**Dataset records**
(* Let $(V,g)$ be a Euclidean vector space and $\mathfrak{g}\subseteq\mathfrak{so}(V)$ a Lie subalgebra. Suppose there exists $T\in\Lambda^3V$ which is $\mathfrak{g}$-invariant, non-degenerate (i.e. $X\lrcorner T=0$ implies $X=0$) and satisfies $X\lrcorner T\in\mathfrak{g}^{\perp}$ for all $X\in V$. Then $\mathrm{Ric}(R)=0$ for every $R\in\mathcal{K}(\mathfrak{g},V)$.
   Context: $\Lambda^2V$ is identified with $\mathfrak{so}(V)$ via $F\mapsto g(F\cdot,\cdot)$; $\mathfrak{g}^\perp$ is the orthogonal complement of $\mathfrak{g}$ in $\Lambda^2V$. $\mathcal{K}(\mathfrak{g},V)$ is the space of algebraic curvature tensors with values in $\mathfrak{g}$: $R\in\Lambda^2V\otimes\Lambda^2V$ with $R(X,Y)\in\mathfrak{g}$ for all $X,Y$ and satisfying the first Bianchi identity $\sum_i e_i\wedge R(e_i,X)=0$ for all $X$ (equivalently, $R$ is symmetric in the two pairs and its total alternation in $\Lambda^4V$ vanishes). The Ricci contraction is $\mathrm{Ric}(R)(X,Y)=\sum_iR(X,e_i,Y,e_i)$ for an orthonormal basis $\{e_i\}$. *)

theory Defs
  imports "HOL-Analysis.Analysis"
begin

text \<open>Lambda^2 V is identified with so(V) via F maps to g(F.,.).\<close>

definition so_elem :: "('a::euclidean_space \<Rightarrow> 'a) \<Rightarrow> bool" where
  "so_elem F \<longleftrightarrow> linear F \<and> (\<forall>x y. F x \<bullet> y = - (x \<bullet> F y))"

definition lie_subalgebra :: "('a::euclidean_space \<Rightarrow> 'a) set \<Rightarrow> bool" where
  "lie_subalgebra G \<longleftrightarrow>
     (\<forall>F\<in>G. so_elem F) \<and> (\<lambda>x. 0) \<in> G \<and>
     (\<forall>F\<in>G. \<forall>H\<in>G. (\<lambda>x. F x + H x) \<in> G) \<and>
     (\<forall>c::real. \<forall>F\<in>G. (\<lambda>x. c *\<^sub>R F x) \<in> G) \<and>
     (\<forall>F\<in>G. \<forall>H\<in>G. (\<lambda>x. F (H x) - H (F x)) \<in> G)"

text \<open>Inner product on Lambda^2 V = so(V) (up to a positive constant, irrelevant for
orthogonality): sum over the orthonormal basis.\<close>
definition so_inner :: "('a::euclidean_space \<Rightarrow> 'a) \<Rightarrow> ('a \<Rightarrow> 'a) \<Rightarrow> real" where
  "so_inner F H = (\<Sum>i\<in>Basis. \<Sum>j\<in>Basis. (F i \<bullet> j) * (H i \<bullet> j))"

definition so_perp :: "('a::euclidean_space \<Rightarrow> 'a) set \<Rightarrow> ('a \<Rightarrow> 'a) set" where
  "so_perp G = {F. so_elem F \<and> (\<forall>H\<in>G. so_inner F H = 0)}"

definition three_form :: "('a::euclidean_space \<Rightarrow> 'a \<Rightarrow> 'a \<Rightarrow> real) \<Rightarrow> bool" where
  "three_form T \<longleftrightarrow>
     (\<forall>y z. linear (\<lambda>x. T x y z)) \<and> (\<forall>x z. linear (\<lambda>y. T x y z)) \<and>
     (\<forall>x y. linear (\<lambda>z. T x y z)) \<and>
     (\<forall>x y z. T y x z = - T x y z) \<and> (\<forall>x y z. T x z y = - T x y z)"

text \<open>The endomorphism in so(V) corresponding to a 2-form omega, i.e. g(F Y, Z) = omega(Y,Z).\<close>
definition form_to_endo :: "('a::euclidean_space \<Rightarrow> 'a \<Rightarrow> real) \<Rightarrow> 'a \<Rightarrow> 'a" where
  "form_to_endo \<omega> = (\<lambda>y. \<Sum>b\<in>Basis. \<omega> y b *\<^sub>R b)"

definition interior3 :: "'a::euclidean_space \<Rightarrow> ('a \<Rightarrow> 'a \<Rightarrow> 'a \<Rightarrow> real) \<Rightarrow> 'a \<Rightarrow> 'a" where
  "interior3 X T = form_to_endo (\<lambda>y z. T X y z)"

definition invariant3 :: "('a::euclidean_space \<Rightarrow> 'a) set \<Rightarrow> ('a \<Rightarrow> 'a \<Rightarrow> 'a \<Rightarrow> real) \<Rightarrow> bool" where
  "invariant3 G T \<longleftrightarrow>
     (\<forall>A\<in>G. \<forall>x y z. T (A x) y z + T x (A y) z + T x y (A z) = 0)"

definition nondegenerate3 :: "('a::euclidean_space \<Rightarrow> 'a \<Rightarrow> 'a \<Rightarrow> real) \<Rightarrow> bool" where
  "nondegenerate3 T \<longleftrightarrow> (\<forall>X. (\<forall>y z. T X y z = 0) \<longrightarrow> X = 0)"

text \<open>Algebraic curvature tensors with values in G, as 4-linear forms
R(X,Y,Z,W) = g(R(X,Y)Z,W).\<close>
definition curv_tensors ::
  "('a::euclidean_space \<Rightarrow> 'a) set \<Rightarrow> ('a \<Rightarrow> 'a \<Rightarrow> 'a \<Rightarrow> 'a \<Rightarrow> real) set" where
  "curv_tensors G = {R.
     (\<forall>y z w. linear (\<lambda>x. R x y z w)) \<and> (\<forall>x z w. linear (\<lambda>y. R x y z w)) \<and>
     (\<forall>x y w. linear (\<lambda>z. R x y z w)) \<and> (\<forall>x y z. linear (\<lambda>w. R x y z w)) \<and>
     (\<forall>x y z w. R y x z w = - R x y z w) \<and>
     (\<forall>x y z w. R x y w z = - R x y z w) \<and>
     (\<forall>x y z w. R z w x y = R x y z w) \<and>
     (\<forall>x y z w. R x y z w + R y z x w + R z x y w = 0) \<and>
     (\<forall>x y. form_to_endo (R x y) \<in> G)}"

definition Ric :: "('a::euclidean_space \<Rightarrow> 'a \<Rightarrow> 'a \<Rightarrow> 'a \<Rightarrow> real) \<Rightarrow> 'a \<Rightarrow> 'a \<Rightarrow> real" where
  "Ric R X Y = (\<Sum>i\<in>Basis. R X i Y i)"

end

theory Submission
  imports Defs
begin

(* Fix R in K(g,V) and write R_Y k for the
   endomorphism R(Y,k) in g.  All tensors are handled in an orthonormal basis.
   (1) Since X \<lrcorner> T is orthogonal to g, it is orthogonal to every R(Y,Z);
       by pair symmetry  sum_ij T(X,i,j) R(i,j,Y,Z) = 0.
   (2) The first Bianchi identity turns this into the vanishing of the mixed
       contraction  sum_ij T(X,i,j) R(Y,i,Z,j)  (it equals half of (1)).
   (3) g-invariance of T applied to R_Y k and summed over k: two of the three
       terms are mixed contractions, the third is  -sum_b Ric(Y,b) T(x,y,b).
       Hence the vector  v = sum_b Ric(Y,b) b  satisfies  v \<lrcorner> T = 0.
   (4) Non-degeneracy gives v = 0, so Ric(Y,.) vanishes on the basis and,
       being linear, vanishes identically. *)

lemma linear_form_to_endo:
  assumes "linear (f :: 'a::euclidean_space \<Rightarrow> real)"
  shows "f (form_to_endo \<omega> x) = (\<Sum>b\<in>Basis. \<omega> x b * f b)"
  using assms unfolding form_to_endo_def by (simp add: linear_sum linear_scale)

lemma inner_form_to_endo:
  assumes "(b::'a::euclidean_space) \<in> Basis"
  shows "form_to_endo \<omega> x \<bullet> b = \<omega> x b"
  using assms by (simp add: form_to_endo_def inner_sum_left inner_Basis if_distrib cong: if_cong)

lemma so_inner_form_to_endo:
  "so_inner (form_to_endo \<omega>) (form_to_endo \<eta>) =
     (\<Sum>i\<in>Basis. \<Sum>j\<in>Basis. \<omega> i j * \<eta> i j)"
  unfolding so_inner_def by (simp add: inner_form_to_endo)

lemma linear_zero_on_Basis:
  assumes "linear (f :: 'a::euclidean_space \<Rightarrow> real)" and "\<And>b. b \<in> Basis \<Longrightarrow> f b = 0"
  shows "f x = 0"
proof -
  have "f x = f (\<Sum>b\<in>Basis. (x \<bullet> b) *\<^sub>R b)" by (simp add: euclidean_representation)
  also have "\<dots> = (\<Sum>b\<in>Basis. (x \<bullet> b) * f b)" using assms(1) by (simp add: linear_sum linear_scale)
  finally show ?thesis using assms(2) by simp
qed

lemma three_formD:
  assumes "three_form T"
  shows three_form_linear1: "linear (\<lambda>x. T x y z)"
    and three_form_linear2: "linear (\<lambda>y. T x y z)"
    and three_form_linear3: "linear (\<lambda>z. T x y z)"
    and three_form_skew12: "T y x z = - T x y z"
    and three_form_skew23: "T x z y = - T x y z"
  using assms unfolding three_form_def by blast+

lemma three_form_cyclic:
  assumes "three_form T"
  shows "T x y z = T y z x"
  using three_form_skew12[OF assms, of y x z] three_form_skew23[OF assms, of y x z] by simp

lemma curv_tensorsD:
  assumes "R \<in> curv_tensors G"
  shows curv_linear3: "linear (\<lambda>z. R x y z w)"
    and curv_skew12: "R y x z w = - R x y z w"
    and curv_skew34: "R x y w z = - R x y z w"
    and curv_pair_sym: "R z w x y = R x y z w"
    and curv_bianchi: "R x y z w + R y z x w + R z x y w = 0"
    and curv_values: "form_to_endo (R x y) \<in> G"
  using assms unfolding curv_tensors_def mem_Collect_eq by (elim conjE; metis)+

lemma perp_contraction:
  assumes "interior3 X T \<in> so_perp G" and "form_to_endo \<eta> \<in> G"
  shows "(\<Sum>i\<in>Basis. \<Sum>j\<in>Basis. T X i j * \<eta> i j) = 0"
proof -
  have "so_inner (form_to_endo (T X)) (form_to_endo \<eta>) = 0"
    using assms unfolding so_perp_def interior3_def by auto
  thus ?thesis by (simp add: so_inner_form_to_endo)
qed

lemma bianchi_mixed_contraction:
  fixes \<omega> :: "'a::euclidean_space \<Rightarrow> 'a \<Rightarrow> real" and R :: "'a \<Rightarrow> 'a \<Rightarrow> 'a \<Rightarrow> 'a \<Rightarrow> real"
  assumes \<omega>_skew: "\<And>i j. \<omega> j i = - \<omega> i j"
    and skew12: "\<And>x y z w. R y x z w = - R x y z w"
    and skew34: "\<And>x y z w. R x y w z = - R x y z w"
    and bianchi: "\<And>x y z w. R x y z w + R y z x w + R z x y w = 0"
  shows "(\<Sum>i\<in>Basis. \<Sum>j\<in>Basis. \<omega> i j * R Y i Z j) =
         (\<Sum>i\<in>Basis. \<Sum>j\<in>Basis. \<omega> i j * R i j Y Z) / 2"
proof -
  define S0 where "S0 = (\<Sum>i\<in>Basis. \<Sum>j\<in>Basis. \<omega> i j * R i j Y Z)"
  define S1 where "S1 = (\<Sum>i\<in>Basis. \<Sum>j\<in>Basis. \<omega> i j * R j Y i Z)"
  define S2 where "S2 = (\<Sum>i\<in>Basis. \<Sum>j\<in>Basis. \<omega> i j * R Y i j Z)"
  have "S0 + S1 + S2 =
      (\<Sum>i\<in>Basis. \<Sum>j\<in>Basis. \<omega> i j * (R i j Y Z + R j Y i Z + R Y i j Z))"
    unfolding S0_def S1_def S2_def by (simp add: sum.distrib algebra_simps)
  also have "\<dots> = 0" by (simp add: bianchi)
  finally have cyclic_sum: "S0 + S1 + S2 = 0" .
  text \<open>Swapping the summation indices identifies S1 with S2.\<close>
  have "S1 = (\<Sum>j\<in>Basis. \<Sum>i\<in>Basis. \<omega> i j * R j Y i Z)"
    unfolding S1_def by (rule sum.swap)
  also have "\<dots> = S2"
  proof -
    have "\<omega> i j * R j Y i Z = \<omega> j i * R Y j i Z" for i j
      using \<omega>_skew[of j i] skew12[of j Y i Z] by simp
    thus ?thesis unfolding S2_def by simp
  qed
  finally have "S1 = S2" .
  moreover have "S2 = - (\<Sum>i\<in>Basis. \<Sum>j\<in>Basis. \<omega> i j * R Y i Z j)"
  proof -
    have "\<omega> i j * R Y i j Z = - (\<omega> i j * R Y i Z j)" for i j
      using skew34[of Y i Z j] by simp
    thus ?thesis unfolding S2_def by (simp add: sum_negf)
  qed
  ultimately show ?thesis using cyclic_sum unfolding S0_def by simp
qed

lemma invariance_coordinates:
  assumes T: "three_form T" and "invariant3 G T" and "form_to_endo \<omega> \<in> G"
  shows "(\<Sum>b\<in>Basis. \<omega> x b * T b y z) + (\<Sum>b\<in>Basis. \<omega> y b * T x b z)
         + (\<Sum>b\<in>Basis. \<omega> z b * T x y b) = 0"
proof -
  have "T (form_to_endo \<omega> x) y z + T x (form_to_endo \<omega> y) z + T x y (form_to_endo \<omega> z) = 0"
    using assms(2,3) unfolding invariant3_def by blast
  thus ?thesis
    by (simp add: linear_form_to_endo[OF three_form_linear1[OF T, of y z]]
        linear_form_to_endo[OF three_form_linear2[OF T, of x z]]
        linear_form_to_endo[OF three_form_linear3[OF T, of x y]])
qed

lemma invariance_ricci_contraction:
  assumes T: "three_form T" and "invariant3 G T" and R: "R \<in> curv_tensors G"
    and mixed: "\<And>X Z. (\<Sum>i\<in>Basis. \<Sum>j\<in>Basis. T X i j * R Y i Z j) = 0"
  shows "(\<Sum>b\<in>Basis. Ric R Y b * T x y b) = 0"
proof -
  define A where "A = (\<Sum>k\<in>Basis. \<Sum>b\<in>Basis. R Y k x b * T b y k)"
  define B where "B = (\<Sum>k\<in>Basis. \<Sum>b\<in>Basis. R Y k y b * T x b k)"
  define C where "C = (\<Sum>k\<in>Basis. \<Sum>b\<in>Basis. R Y k k b * T x y b)"
  have "A + B + C = (\<Sum>k\<in>Basis. (\<Sum>b\<in>Basis. R Y k x b * T b y k)
      + (\<Sum>b\<in>Basis. R Y k y b * T x b k) + (\<Sum>b\<in>Basis. R Y k k b * T x y b))"
    unfolding A_def B_def C_def by (simp add: sum.distrib)
  also have "\<dots> = 0"
    using invariance_coordinates[OF T assms(2) curv_values[OF R]] by simp
  finally have "A + B + C = 0" .
  moreover have "A = 0"
  proof -
    have cyc: "R Y k x b * T b y k = T y k b * R Y k x b" for k b
      using three_form_cyclic[OF T, of b y k] by simp
    show ?thesis using mixed[of y x] unfolding A_def by (simp only: cyc)
  qed
  moreover have "B = 0"
  proof -
    have skew: "R Y k y b * T x b k = - (T x k b * R Y k y b)" for k b
      using three_form_skew23[OF T, of x k b] by simp
    show ?thesis using mixed[of x y] unfolding B_def by (simp only: skew sum_negf)
  qed
  moreover have "C = - (\<Sum>b\<in>Basis. Ric R Y b * T x y b)"
  proof -
    have "C = (\<Sum>b\<in>Basis. \<Sum>k\<in>Basis. R Y k k b * T x y b)"
      unfolding C_def by (rule sum.swap)
    also have "\<dots> = (\<Sum>b\<in>Basis. \<Sum>k\<in>Basis. - (R Y k b k * T x y b))"
      using curv_skew34[OF R, of Y k b k for k b] by simp
    finally show ?thesis by (simp add: Ric_def sum_distrib_right sum_negf)
  qed
  ultimately show ?thesis by simp
qed

lemma nondegenerate_coefficients:
  assumes T: "three_form T" and "nondegenerate3 T"
    and vanish: "\<And>x y. (\<Sum>b\<in>Basis. c b * T x y b) = 0" and b: "b \<in> Basis"
  shows "c b = 0"
proof -
  define v :: 'a where "v = (\<Sum>b\<in>Basis. c b *\<^sub>R b)"
  have "T v x y = 0" for x y
  proof -
    have "T v x y = T x y v" by (rule three_form_cyclic[OF T])
    also have "\<dots> = (\<Sum>b\<in>Basis. c b * T x y b)"
      unfolding v_def using three_form_linear3[OF T, of x y] by (simp add: linear_sum linear_scale)
    finally show ?thesis using vanish by simp
  qed
  hence "v = 0" using assms(2) unfolding nondegenerate3_def by blast
  moreover have "v \<bullet> b = c b"
    unfolding v_def using b by (simp add: inner_sum_left inner_Basis if_distrib cong: if_cong)
  ultimately show ?thesis by simp
qed

lemma Ric_linear:
  assumes "R \<in> curv_tensors G"
  shows "linear (\<lambda>W. Ric R X W)"
  unfolding Ric_def by (intro linear_compose_sum) (simp add: curv_linear3[OF assms])

theorem proposition2p4:
  fixes G :: "('a::euclidean_space \<Rightarrow> 'a) set"
    and T :: "'a \<Rightarrow> 'a \<Rightarrow> 'a \<Rightarrow> real"
  assumes "lie_subalgebra G"
    and "three_form T"
    and "invariant3 G T"
    and "nondegenerate3 T"
    and "\<forall>X. interior3 X T \<in> so_perp G"
  shows "\<forall>R\<in>curv_tensors G. \<forall>X Y. Ric R X Y = 0"
proof (intro ballI allI)
  fix R X Y assume R: "R \<in> curv_tensors G"
  have first_pair: "(\<Sum>i\<in>Basis. \<Sum>j\<in>Basis. T X' i j * R i j Y' Z) = 0" for X' Y' Z
    using perp_contraction[OF spec[OF assms(5)] curv_values[OF R]]
    by (simp add: curv_pair_sym[OF R, of _ _ Y' Z])
  have mixed: "(\<Sum>i\<in>Basis. \<Sum>j\<in>Basis. T X' i j * R X i Z j) = 0" for X' Z
    using bianchi_mixed_contraction[of "T X'" R X Z, OF three_form_skew23[OF assms(2)]
        curv_skew12[OF R] curv_skew34[OF R] curv_bianchi[OF R]] first_pair[of X' X Z]
    by simp
  have "Ric R X b = 0" if "b \<in> Basis" for b
    using nondegenerate_coefficients[OF assms(2,4) _ that]
      invariance_ricci_contraction[OF assms(2,3) R mixed] by blast
  then show "Ric R X Y = 0" by (rule linear_zero_on_Basis[OF Ric_linear[OF R]])
qed

end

**Required action**
Out of the entries above, write out only the lines between the line holding "(\<lambda>y. \<Sum>b\<in>Basis. \<omega>" and the line holding "T = form_to_endo", inclusive, each exactly as given.

**Solution for this exercise**
  "form_to_endo \<omega> = (\<lambda>y. \<Sum>b\<in>Basis. \<omega> y b *\<^sub>R b)"

definition interior3 :: "'a::euclidean_space \<Rightarrow> ('a \<Rightarrow> 'a \<Rightarrow> 'a \<Rightarrow> real) \<Rightarrow> 'a \<Rightarrow> 'a" where
  "interior3 X T = form_to_endo (\<lambda>y z. T X y z)"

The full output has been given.